Use the sentiment_model to predict the sentiment of each review in diaper_champ_reviews and sort the results according to their ‘predicted_sentiment’.

In [70]:
diaper_champ_reviews['predicted_sentiment'] = sentiment_model.predict(diaper_champ_reviews, 
                                                                      output_type = 'probability')

In [71]:
diaper_champ_reviews_sorted = diaper_champ_reviews.sort('predicted_sentiment', ascending = False)

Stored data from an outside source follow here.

definition U_mu :: "real measure \<Rightarrow> 'a measure \<Rightarrow> 'a measure set" where
  "U_mu mu P = {Q. prob_space Q \<and> sets Q = sets P \<and> absolutely_continuous P Q \<and>
      (\<forall>l>0. Lambda_Q Q (log_dens P Q) l \<le> Lambda_mu mu l)}"

end

theory Submission
  imports Defs
begin

text \<open>Write \<open>Z = dQ/dP\<close>. Then \<open>exp \<Lambda>\<^sub>Q(\<lambda>) = E\<^sub>Q[Z^\<lambda>] = E\<^sub>P[Z^(1+\<lambda>)] = (1+\<lambda>) \<integral>\<^sub>0\<^sup>\<infinity> P(Z \<ge> s) s^\<lambda> ds\<close>
  by the layer cake formula, and \<open>exp \<Lambda>\<^sub>\<mu>(\<lambda>)\<close> is the same integral with \<open>G\<^sub>\<mu>\<close> in place of
  the tail of \<open>Z\<close>; both tails integrate to \<open>1\<close>, the common mean of \<open>Z\<close> and \<open>\<mu>\<close>.
  In (1) the two tails cross once, at \<open>r\<^sub>0\<close>, so
  \<open>\<integral> (P(Z \<ge> s) - G\<^sub>\<mu>(s)) (s^\<lambda> - r\<^sub>0^\<lambda>) ds \<le> 0\<close>, which is the required moment bound.
  In (2) the tangent to \<open>z^(1+\<lambda>)\<close> at \<open>Z\<close>, with \<open>Z\<close> between \<open>Z\<^sub>0 = dQ\<^sub>0/dP\<close> and \<open>r\<^sub>0\<close>, gives
  \<open>Z^(1+\<lambda>) - Z\<^sub>0^(1+\<lambda>) \<le> (1+\<lambda>) r\<^sub>0^\<lambda> (Z - Z\<^sub>0)\<close>, whose right-hand side has \<open>P\<close>-integral \<open>0\<close>;
  so the moments of \<open>Q\<close> are bounded by those of \<open>Q\<^sub>0\<close>. Statement (3) is (2) with
  \<open>dQ/dP = q/p\<close> and \<open>dQ\<^sub>0/dP = q\<^sub>0/p\<close>.\<close>

lemma ln_ennreal_mono:
  assumes "x \<le> y"
  shows "ln_ennreal x \<le> ln_ennreal y"
proof -
  consider "y = \<infinity>" | "x = 0" | "y \<noteq> \<infinity>" "x \<noteq> 0" by blast
  then show ?thesis
  proof cases
    case 3
    then have "x < \<infinity>" using assms by (simp add: less_top)
    then have "0 < enn2real x" using 3 by (simp add: enn2real_positive_iff zero_less_iff_neq_zero)
    moreover have "enn2real x \<le> enn2real y" using assms 3 by (simp add: enn2real_mono less_top)
    ultimately show ?thesis using 3 assms \<open>x < \<infinity>\<close> by (auto simp: ln_ennreal_def)
  qed (auto simp: ln_ennreal_def)
qed

definition RN_moment :: "'a measure \<Rightarrow> 'a measure \<Rightarrow> real \<Rightarrow> ennreal" where
  "RN_moment P Q l = (\<integral>\<^sup>+x. ennreal (enn2real (RN_deriv P Q x) powr (1 + l)) \<partial>P)"

lemma (in prob_space) nn_integral_RN_deriv_real:
  assumes Q: "prob_space Q" and sets_Q: "sets Q = sets M" and ac: "absolutely_continuous M Q"
  shows "(\<integral>\<^sup>+x. ennreal (enn2real (RN_deriv M Q x)) \<partial>M) = 1"
proof -
  interpret Q: prob_space Q by fact
  have "(\<integral>\<^sup>+x. ennreal (enn2real (RN_deriv M Q x)) \<partial>M) = (\<integral>\<^sup>+x. RN_deriv M Q x * 1 \<partial>M)"
    using RN_deriv_finite[OF Q.sigma_finite_measure_axioms ac sets_Q]
    by (intro nn_integral_cong_AE) (auto simp: less_top)
  also have "\<dots> = (\<integral>\<^sup>+x. 1 \<partial>Q)"
    using RN_deriv_nn_integral[OF ac sets_Q, of "\<lambda>_. 1"] by simp
  finally show ?thesis using Q.emeasure_space_1 by simp
qed

lemma (in prob_space) Lambda_Q_log_dens:
  assumes Q: "prob_space Q" and sets_Q: "sets Q = sets M" and ac: "absolutely_continuous M Q"
  shows "Lambda_Q Q (log_dens M Q) l = ln_ennreal (RN_moment M Q l)"
proof -
  interpret Q: prob_space Q by fact
  have "(\<integral>\<^sup>+x. ennreal (exp (l * log_dens M Q x)) \<partial>Q) =
      (\<integral>\<^sup>+x. RN_deriv M Q x * ennreal (exp (l * ln (enn2real (RN_deriv M Q x)))) \<partial>M)"
    unfolding log_dens_def by (rule RN_deriv_nn_integral[OF ac sets_Q]) measurable
  also have "\<dots> = RN_moment M Q l"
    unfolding RN_moment_def
  proof (rule nn_integral_cong_AE)
    show "AE x in M. RN_deriv M Q x * ennreal (exp (l * ln (enn2real (RN_deriv M Q x)))) =
        ennreal (enn2real (RN_deriv M Q x) powr (1 + l))"
      using RN_deriv_finite[OF Q.sigma_finite_measure_axioms ac sets_Q]
    proof eventually_elim
      case (elim x)
      then obtain z where z: "RN_deriv M Q x = ennreal z" "0 \<le> z"
        by (cases "RN_deriv M Q x") auto
      show ?case
      proof (cases "z = 0")
        case False
        then have "z powr (1 + l) = z * exp (l * ln z)"
          using z by (simp add: powr_def distrib_right exp_add)
        then show ?thesis using z by (simp add: ennreal_mult)
      qed (simp add: z)
    qed
  qed
  finally show ?thesis unfolding Lambda_Q_def by simp
qed

lemma U_mu_iff:
  "Q \<in> U_mu mu P \<longleftrightarrow> prob_space Q \<and> sets Q = sets P \<and> absolutely_continuous P Q \<and>
     (\<forall>l>0. ln_ennreal (RN_moment P Q l) \<le> Lambda_mu mu l)"
  if "prob_space P"
  using prob_space.Lambda_Q_log_dens[OF that] unfolding U_mu_def by auto

lemma nn_integral_powr_from_0:
  fixes z b :: real
  assumes "0 \<le> z" "0 \<le> b"
  shows "ennreal (z powr (b + 1)) = ennreal (b + 1) * (\<integral>\<^sup>+s\<in>{0..z}. ennreal (s powr b) \<partial>lborel)"
proof -
  have "(\<integral>\<^sup>+s\<in>{0..z}. ennreal (s powr b) \<partial>lborel) = ennreal (z powr (b + 1) / (b + 1))"
    using assms by (intro nn_integral_has_integral_lebesgue' has_integral_powr_from_0) auto
  moreover have "ennreal (b + 1) * ennreal (z powr (b + 1) / (b + 1)) = ennreal (z powr (b + 1))"
    using assms by (subst ennreal_mult[symmetric]) auto
  ultimately show ?thesis by simp
qed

What is the ‘predicted_sentiment’ for the most positive review for ‘Baby Trend Diaper Champ’ according to the sentiment_model from the IPython Notebook from lecture?

In [72]:
diaper_champ_reviews_sorted.head(1)

name,review,rating,word_count,sentiment,awesome
Baby Trend Diaper Champ,Baby Luke can turn a clean diaper to a dirty ...,5.0,"{'all': 1, 'less': 1, ""friend's"": 1, '(which': ...",1,0

great,fantastic,amazing,love,horrible,bad,terrible,awful,wow,hate,predicted_sentiment
0,0,0,0,0,0,0,0,0,0,0.999999937267


Now use the selected_words_model you learned using just the selected_words to predict the sentiment most positive review you found above

In [73]:
diaper_champ_reviews['predicted_sentiment_select'] = selected_words_model.predict(diaper_champ_reviews, 
                                                                      output_type = 'probability')

In [75]:
diaper_champ_reviews_sorted = diaper_champ_reviews.sort('predicted_sentiment', ascending = False)

In [76]:
diaper_champ_reviews_sorted.head(1)

name,review,rating,word_count,sentiment,awesome
Baby Trend Diaper Champ,Baby Luke can turn a clean diaper to a dirty ...,5.0,"{'all': 1, 'less': 1, ""friend's"": 1, '(which': ...",1,0

great,fantastic,amazing,love,horrible,bad,terrible,awful,wow,hate,predicted_sentiment
0,0,0,0,0,0,0,0,0,0,0.999999937267

predicted_sentiment_selec t ...
0.796940851291


Why is the predicted_sentiment for the most positive review found using the model with all word counts (sentiment_model) much more positive than the one using only the selected_words (selected_words_model)? Hint: examine the text of this review, the extracted word counts for all words, and the word counts for each of the selected_words, and you will see what each model used to make its prediction.

In [77]:
diaper_champ_reviews_sorted.head(1)['review']

dtype: str
Rows: 1
['Baby Luke can turn a clean diaper to a dirty diaper in 3 seconds flat. The diaper champ turns the smelly diaper into "what diaper smell" in less time than that. I hesitated and wondered what I REALLY needed for the nursery. This is one of the best purchases we made. The champ, the baby bjorn, fluerville diaper bag, and graco pack and play bassinet all vie for the best baby purchase.Great product, easy to use, economical, effective, absolutly fabulous.UpdateI knew that I loved the champ, and useing the diaper genie at a friend's house REALLY reinforced that!! There is no comparison, the chanp is easy and smell free, the genie was difficult to use one handed (which is absolutly vital if you have a little one on a changing pad) and there was a deffinite odor eminating from the genieplus we found that the quick tie garbage bags where the ties are integrated into the bag work really well because there isn't any added bulk around the sealing edge of the champ.']

Vemos que no tiene ninguna de las palabras que habíamos fijado como características.